When a workflow works, save it and reuse it on your next film.

If something fails, tell Cursor in plain language:

Scene 2, shot 1: the chest logo changed. The links are in registry.md. Fix the shot description and remake only this clip.

Expect two to four tries per shot on a first film.


Step 6: Edit into a finished film

Ask Cursor to create a video editor project and place your clips in story order. You can finish trimming pauses and adding music in TheFluxTrain's browser editor.

Watch the full video—without sound, then with—before you export.


What should you watch out for?

  • Do not generate drawings until your script in screenplay.md is specific enough.
  • Approve storyboard drawings before video.
  • If wardrobe changes, update the character and registry.md.
  • Treat early script and shot-list drafts as proposals—push back before expensive steps.
  • Watch the exported video like an audience member.

The process welcomes do-overs. It does not forgive skipping planning.


What does a good Cursor conversation look like?

You: Create the character Pip, then write the shot list and generate storyboard drawings for Scene 2.

Cursor: Created the character… saved links in registry.md… generated three drawings…

You: Scene 2, shot 2 has a red jacket instead of yellow. Fix the description in the shot list and remake only that clip.

Cursor: Updated shot 2B with "yellow rain jacket"… generated new clip… updated registry.md. Scenes 1 and 3 unchanged.

That is directed iteration—not one lucky button press.


Credits and do-overs

Spend credits on drawings first, lock your character once, redo video only where the story breaks. First export = does the story work? Second pass = better clips. Third = sound and pacing.

Save your Flow Studio workflow when one works.

Reuse a workflow that worked on your next film.



Try it today

Create a folder, run tft login once, and ask Cursor to set up production/ and one character. Make three storyboard drawings and one video clip.

Browse Explore for a film template to start from.

The conversation is the director's chair; Cursor and TheFluxTrain are the crew.

Open a template, swap in your story and character, and run it.


Frequently asked questions

How long does a first AI short film take with Cursor?

Plan 60–90 minutes of your time for a 30–60 second film, plus waiting while clips generate. Cursor updates files and runs TheFluxTrain commands for you—you still review drawings and the full video before export.

What do you need before you start with Cursor?
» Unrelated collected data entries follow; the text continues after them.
(* Let $T$ be a Lie triple system over a field of characteristic zero and $U(T)$ its universal enveloping algebra. For $a,c\in T$ let $D_{a,c}\colon U(T)\to U(T)$, $D_{a,c}(x)=a(cx)-c(ax)$. Then for all $n\ge 1$ and $a,b,c\in T$, $$(c^n,a,b)=\frac{n}{2}\,c^{n-1}[a,c,b]-\frac12\sum_{i=0}^{n-2}\bigl(c^i,\,D_{a,c}(c^{n-1-i}),\,b\bigr).$$ Moreover, for all $n\ge 1$ and $a,c\in T$, $$c^n a=\tfrac12\,(ac^n+c^na)+\sum_{i=0}^{n-2}c^i\,(a,c,c^{n-1-i}).$$
   Context: A Lie triple system (L.t.s.) is a vector space $T$ with a trilinear product $[x,y,z]$ satisfying $[x,x,y]=0$, $[x,y,z]+[y,z,x]+[z,x,y]=0$, and $[a,b,[x,y,z]]=[[a,b,x],y,z]+[x,[a,b,y],z]+[x,y,[a,b,z]]$. For a unital nonassociative algebra $A$ with associator $(x,y,z)=(xy)z-x(yz)$, $\mathrm{LN_{alt}}(A)=\{a\in A : (a,x,y)=-(x,a,y)\ \forall x,y\in A\}$ is an L.t.s. with $[a,b,c]=a(bc)-b(ac)-c(ab)+c(ba)$. The universal enveloping algebra $U(T)$ is the unital algebra with an L.t.s. monomorphism $T\to\mathrm{LN_{alt}}(U(T))$ (elements of $T$ identified with their images) such that $ab=ba$ for $a,b\in T$, universal for L.t.s. homomorphisms into $\mathrm{LN_{alt}}(A)$ with this commutation property. For $c\in T$ the subalgebra generated by $c$ is associative, so $c^n$ is well defined ($c^0=1$). *)

theory Defs
  imports Main
begin

text \<open>Structures are given by explicit operations on a whole type (carrier = UNIV).\<close>

record ('k, 'a) vspace =
  add  :: "'a \<Rightarrow> 'a \<Rightarrow> 'a"
  zer  :: 'a
  neg  :: "'a \<Rightarrow> 'a"
  smul :: "'k \<Rightarrow> 'a \<Rightarrow> 'a"

record ('k, 'a) alg = "('k, 'a) vspace" +
  mul :: "'a \<Rightarrow> 'a \<Rightarrow> 'a"
  one :: 'a

record ('k, 'a) lts = "('k, 'a) vspace" +
  trip :: "'a \<Rightarrow> 'a \<Rightarrow> 'a \<Rightarrow> 'a"

definition sub :: "('k, 'a, 'b) vspace_scheme \<Rightarrow> 'a \<Rightarrow> 'a \<Rightarrow> 'a" where
  "sub V x y = add V x (neg V y)"
lemma UN_in_suslin_rect_sets:
  assumes "\<And>k::nat. E k \<in> suslin_rect_sets M"
  shows "(\<Union>k. E k) \<in> suslin_rect_sets M"
proof -
  obtain R F where R: "\<And>k s. R k s \<in> sets M" and F: "\<And>k. shrinking_scheme (F k)"
    and E: "\<And>k. E k = suslin_op (\<lambda>s. R k s \<times> F k s)"
    using suslin_rect_sets_choice[of E, OF assms] by blast
  define R' where "R' s = (case s of [] \<Rightarrow> space M | k # t \<Rightarrow> R k t)" for s
  define F' where "F' s = (case s of [] \<Rightarrow> S | k # t \<Rightarrow> F k t)" for s
  have "(\<Union>k. E k) = suslin_op (\<lambda>s. case s of [] \<Rightarrow> space M \<times> S | k # t \<Rightarrow> R k t \<times> F k t)"
    unfolding E using R F sets.sets_into_space closedin_subset
    by (intro suslin_op_UN) (fastforce simp: shrinking_scheme_def)
  also have "\<dots> = suslin_op (\<lambda>s. R' s \<times> F' s)"
    by (rule arg_cong[where f=suslin_op], rule ext) (simp add: R'_def F'_def split: list.split)
  finally have "(\<Union>k. E k) = suslin_op (\<lambda>s. R' s \<times> F' s)" .
  moreover have "shrinking_scheme F'"
    unfolding shrinking_scheme_def
  proof (intro conjI allI impI)
    show "closedin mtopology (F' s)" for s
      using F unfolding F'_def shrinking_scheme_def by (simp split: list.split)
    show "\<exists>n a. F' (seq_prefix \<sigma> n) \<subseteq> mcball a e" if e: "0 < e" for \<sigma> e
    proof -
      obtain n a where "F (\<sigma> 0) (seq_prefix (\<lambda>i. \<sigma> (Suc i)) n) \<subseteq> mcball a e"
        using F e unfolding shrinking_scheme_def by blast
      then have "F' (seq_prefix \<sigma> (Suc n)) \<subseteq> mcball a e"
        by (simp add: F'_def seq_prefix_Suc_Cons)
      then show ?thesis by blast
    qed
  qed
  moreover have "R' s \<in> sets M" for s
    using R by (simp add: R'_def split: list.split)
  ultimately show ?thesis
    by (simp add: suslin_rect_setsI)
qed

lemma INT_in_suslin_rect_sets:
  assumes "\<And>k::nat. E k \<in> suslin_rect_sets M"
  shows "(\<Inter>k. E k) \<in> suslin_rect_sets M"
proof -
  obtain R F where R: "\<And>k s. R k s \<in> sets M" and F: "\<And>k. shrinking_scheme (F k)"
    and E: "\<And>k. E k = suslin_op (\<lambda>s. R k s \<times> F k s)"
    using suslin_rect_sets_choice[of E, OF assms] by blast
  have "(\<Inter>k. E k) = suslin_op (interleave (\<lambda>k s. R k s \<times> F k s))"
    unfolding E by (rule suslin_op_INT)
  also have "interleave (\<lambda>k s. R k s \<times> F k s) = (\<lambda>s. interleave R s \<times> interleave F s)"
    by (auto simp: interleave_def split: prod.split)
  finally have "(\<Inter>k. E k) = suslin_op (\<lambda>s. interleave R s \<times> interleave F s)" .
  moreover have "shrinking_scheme (interleave F)"
    unfolding shrinking_scheme_def
  proof (intro conjI allI impI)
    show "closedin mtopology (interleave F s)" for s
      using F unfolding interleave_def shrinking_scheme_def by (simp split: prod.split)
    show "\<exists>n a. interleave F (seq_prefix \<tau> n) \<subseteq> mcball a e" if e: "0 < e" for \<tau> e
    proof -
      obtain n a where "F 0 (seq_prefix (\<lambda>i. \<tau> (prod_encode (0, i))) n) \<subseteq> mcball a e"
        using F e unfolding shrinking_scheme_def by blast
      then show ?thesis
        by (metis interleave_seq_prefix)
    qed
  qed
  moreover have "interleave R s \<in> sets M" for s
    using R by (simp add: interleave_def split: prod.split)
  ultimately show ?thesis
    by (simp add: suslin_rect_setsI)
qed

lemma Un_in_suslin_rect_sets:
  assumes "E1 \<in> suslin_rect_sets M" "E2 \<in> suslin_rect_sets M"
  shows "E1 \<union> E2 \<in> suslin_rect_sets M"
proof -
  have "(\<Union>k. if k = (0::nat) then E1 else E2) \<in> suslin_rect_sets M"
    using assms by (intro UN_in_suslin_rect_sets) simp
  moreover have "(\<Union>k. if k = (0::nat) then E1 else E2) = E1 \<union> E2"
    by (auto split: if_splits)
  ultimately show ?thesis by simp
qed

lemma Times_open_in_suslin_rect_sets:
  assumes a: "a \<in> sets M" and U: "openin mtopology U"
  shows "a \<times> U \<in> suslin_rect_sets M"
proof -
  obtain C :: "nat \<Rightarrow> 'y set" where C: "\<And>n. closedin mtopology (C n)" "U = (\<Union>n. C n)"
    using open_imp_fsigma_in[OF metrizable_space_mtopology U] unfolding fsigma_in_ascending by metis
  then have "a \<times> U = (\<Union>n. a \<times> C n)"
    by blast
  also have "\<dots> \<in> suslin_rect_sets M"
    using a C(1) by (intro UN_in_suslin_rect_sets Times_closed_in_suslin_rect_sets)
  finally show ?thesis .
qed

lemma sigma_sets_subset_suslin_rect_sets:
  "sigma_sets (space M \<times> S) {a \<times> U | a U. a \<in> sets M \<and> openin mtopology U} \<subseteq> suslin_rect_sets M"
proof
  let ?\<Omega> = "space M \<times> S"
  have \<Omega>: "?\<Omega> \<in> suslin_rect_sets M"
    by (intro Times_closed_in_suslin_rect_sets) auto
  have generators: "{a \<times> U | a U. a \<in> sets M \<and> openin mtopology U} \<subseteq> Pow ?\<Omega>"
  proof
    fix X assume "X \<in> {a \<times> U | a U. a \<in> sets M \<and> openin mtopology U}"
    then obtain a U where "X = a \<times> U" "a \<in> sets M" "openin mtopology U"
      by blast
    then show "X \<in> Pow ?\<Omega>"
      using sets.sets_into_space[of a M] openin_subset[of mtopology U] by auto
  qed
  fix D assume "D \<in> sigma_sets ?\<Omega> {a \<times> U | a U. a \<in> sets M \<and> openin mtopology U}"
  then have "D \<in> suslin_rect_sets M \<and> ?\<Omega> - D \<in> suslin_rect_sets M"
  proof induction
    case (Basic D)
    then obtain a U where D: "D = a \<times> U" "a \<in> sets M" "openin mtopology U"
      by blast
    have "?\<Omega> - D = (space M - a) \<times> S \<union> a \<times> (S - U)"
      using D sets.sets_into_space[of a M] by auto
    moreover have "(space M - a) \<times> S \<union> a \<times> (S - U) \<in> suslin_rect_sets M"
      using D by (intro Un_in_suslin_rect_sets Times_closed_in_suslin_rect_sets) auto
    ultimately show ?case
      using D by (simp add: Times_open_in_suslin_rect_sets)
  next
    case Empty
    show ?case
      using \<Omega> Times_closed_in_suslin_rect_sets[of "{}" M "{}"] by simp
  next
    case (Compl D)
    have "D \<subseteq> ?\<Omega>"
      using sigma_sets_into_sp[OF generators Compl.hyps] .
    then have "?\<Omega> - (?\<Omega> - D) = D"
      by blast
    then show ?case
      using Compl.IH by simp
  next
    case (Union D)
    have "?\<Omega> - (\<Union>i. D i) = (\<Inter>i. ?\<Omega> - D i)"
      by blast
    moreover have "(\<Inter>i. ?\<Omega> - D i) \<in> suslin_rect_sets M"
      using Union.IH by (intro INT_in_suslin_rect_sets) blast
    moreover have "(\<Union>i. D i) \<in> suslin_rect_sets M"
      using Union.IH by (intro UN_in_suslin_rect_sets) blast
    ultimately show ?case
      by simp
  qed
  then show "D \<in> suslin_rect_sets M" ..
qed

lemma vimage_in_suslin_rect_sets:
  fixes g :: "'y \<Rightarrow> 'b::topological_space"
  assumes g: "continuous_map mtopology euclidean g" and D: "D \<in> sets (M \<Otimes>\<^sub>M borel)"
  shows "(\<lambda>(\<xi>, y). (\<xi>, g y)) -` D \<inter> (space M \<times> S) \<in> suslin_rect_sets M"
proof -
  define \<Omega> where "\<Omega> = space M \<times> S"
  define X :: "'a \<times> 'y \<Rightarrow> 'a \<times> 'b" where "X = (\<lambda>(\<xi>, y). (\<xi>, g y))"
  let ?G = "{a \<times> b | a (b :: 'b set). a \<in> sets M \<and> open b}"
  have X: "X \<in> \<Omega> \<rightarrow> space M \<times> UNIV"
    by (auto simp: X_def \<Omega>_def)
  have "D \<in> sigma_sets (space M \<times> UNIV) ?G"
    using D by (simp add: sets_pair_measure_borel)
  then have "X -` D \<inter> \<Omega> \<in> {X -` G \<inter> \<Omega> | G. G \<in> sigma_sets (space M \<times> UNIV) ?G}"
    by blast
  also have "\<dots> = sigma_sets \<Omega> {X -` G \<inter> \<Omega> | G. G \<in> ?G}"
    by (rule sigma_sets_vimage_commute[OF X])
  also have "\<dots> \<subseteq> sigma_sets \<Omega> {a \<times> U | a U. a \<in> sets M \<and> openin mtopology U}"
  proof (rule sigma_sets_mono', safe)
    fix a and b :: "'b set" assume ab: "a \<in> sets M" "open b"
    have "openin mtopology {y \<in> topspace mtopology. g y \<in> b}"
      using g ab(2) by (intro openin_continuous_map_preimage) auto
    moreover have "X -` (a \<times> b) \<inter> \<Omega> = a \<times> {y \<in> topspace mtopology. g y \<in> b}"
      using sets.sets_into_space[OF ab(1)] by (auto simp: X_def \<Omega>_def)
    ultimately show "\<exists>a' U. X -` (a \<times> b) \<inter> \<Omega> = a' \<times> U \<and> a' \<in> sets M \<and> openin mtopology U"
      using ab(1) by blast
  qed
  also have "\<dots> \<subseteq> suslin_rect_sets M"
    unfolding \<Omega>_def by (rule sigma_sets_subset_suslin_rect_sets)
  finally show ?thesis
    unfolding X_def \<Omega>_def .
qed

end

theorem measurable_projection:
  fixes D :: "('a \<times> 'b::topological_space) set"
  assumes suslin: "suslin_space (euclidean :: 'b topology)"
    and D: "D \<in> sets (M \<Otimes>\<^sub>M borel)"
    and Q: "sigma_finite_measure Q" "sets Q = sets M"
  shows "fst ` D \<in> sets (completion Q)"
proof -
  obtain Y :: "(nat \<Rightarrow> real) topology" and g :: "(nat \<Rightarrow> real) \<Rightarrow> 'b"
    where Y: "completely_metrizable_space Y" "separable_space Y"
      and g: "continuous_map Y euclidean g" "g ` topspace Y = UNIV"
    using suslin unfolding suslin_space_def by auto
  obtain S d where Sd: "Metric_space S d" "Metric_space.mcomplete S d" "Y = Metric_space.mtopology S d"
    using Y(1) unfolding completely_metrizable_space_def by blast
  interpret complete_separable_metric S d
    using Sd Y(2) by (simp add: complete_separable_metric_def complete_separable_metric_axioms_def)
  let ?D = "(\<lambda>(\<xi>, y). (\<xi>, g y)) -` D \<inter> (space M \<times> S)"
  have "?D \<in> suslin_rect_sets M"
    using g(1) Sd(3) D by (intro vimage_in_suslin_rect_sets) auto
  then have "\<exists>A. (\<forall>s. A s \<in> sets M) \<and> fst ` ?D = suslin_op A"
    by (rule fst_suslin_rect_set)
  then obtain A where A: "\<And>s. A s \<in> sets M" "fst ` ?D = suslin_op A"
    by blast
  have "fst ` ?D = fst ` D"
  proof (intro equalityI subsetI)
    fix \<xi> assume "\<xi> \<in> fst ` D"
    then obtain x where x: "(\<xi>, x) \<in> D"
      by force
    then have "\<xi> \<in> space M"
      using sets.sets_into_space[OF D] by (auto simp: space_pair_measure)
    moreover obtain y where "y \<in> S" "g y = x"
      using g(2) Sd(3) by (metis UNIV_I imageE topspace_mtopology)
    ultimately show "\<xi> \<in> fst ` ?D"
      using x by (auto intro!: image_eqI[of _ _ "(\<xi>, y)"])
  qed force
  then have "fst ` D = suslin_op A"
    using A(2) by simp
  also have "\<dots> \<in> sets (completion Q)"
    using A(1) Q(2) by (intro sigma_finite_measure.suslin_op_in_completion[OF Q(1)]) simp
  finally show ?thesis .
qed

section \<open>Pasch--Hausdorff envelopes\<close>

lemma envelope_le: "envelope f \<kappa> \<xi> x \<le> f \<xi> x"
  unfolding envelope_def by (rule INF_lower2[of x]) (simp_all add: zero_ereal_def[symmetric])

lemma envelope_lipschitz:
  assumes "0 \<le> \<kappa>"
  shows "envelope f \<kappa> \<xi> x \<le> envelope f \<kappa> \<xi> y + ereal (\<kappa> * dist x y)"
proof -
  have "envelope f \<kappa> \<xi> x \<le> f \<xi> x' + ereal \<kappa> * ereal (dist y x') + ereal (\<kappa> * dist x y)" for x'
  proof -
    have "\<kappa> * dist x x' \<le> \<kappa> * dist y x' + \<kappa> * dist x y"
      using mult_left_mono[OF dist_triangle[of x x' y] assms] by (simp add: dist_commute algebra_simps)
    then have "f \<xi> x' + ereal \<kappa> * ereal (dist x x') \<le> f \<xi> x' + ereal \<kappa> * ereal (dist y x') + ereal (\<kappa> * dist x y)"
      by (cases "f \<xi> x'") auto
    then show ?thesis
      unfolding envelope_def by (rule INF_lower2[OF UNIV_I])
  qed
  then have "envelope f \<kappa> \<xi> x - ereal (\<kappa> * dist x y) \<le> envelope f \<kappa> \<xi> y"
    unfolding envelope_def[of f \<kappa> \<xi> y] by (intro INF_greatest) (simp add: ereal_minus_le_iff)
  then show ?thesis
    by (simp add: ereal_minus_le_iff)
qed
Cursor with agent mode turned on, TheFluxTrain set up and logged in, a project folder with a script file, shot list, and a notes file for links, plus ChatGPT for brainstorming and enough credits for several tries.

Which commands does Cursor run for you?

Cursor runs TheFluxTrain commands to create characters, generate drawings, make video clips, and build your edit. It writes links and IDs into a notes file so nothing gets lost between chat sessions.

Why keep a production notes file?

Links to your character, drawings, and clips must survive between conversations. If the notes file is out of date, the next step breaks—Cursor uses it as the shared memory for your film.

Why storyboard before making video?

Still drawings are cheap to redo. Fix composition in drawings first so you do not waste credits on video you have to throw away.

Can you use Claude instead of Cursor?

Yes. Same steps with Claude in browser chat—you click through TheFluxTrain yourself. See Claude tutorial.

What is the biggest first-film mistake with an agent?

Generating images before your script is specific, or letting the notes file fall out of date. One character, approve drawings explicitly, remake scenes one at a time.

How do you try it on TheFluxTrain?

Create a project folder, log in to TheFluxTrain, and ask Cursor to set up your files and one character. Browse Explore for a film template to start from.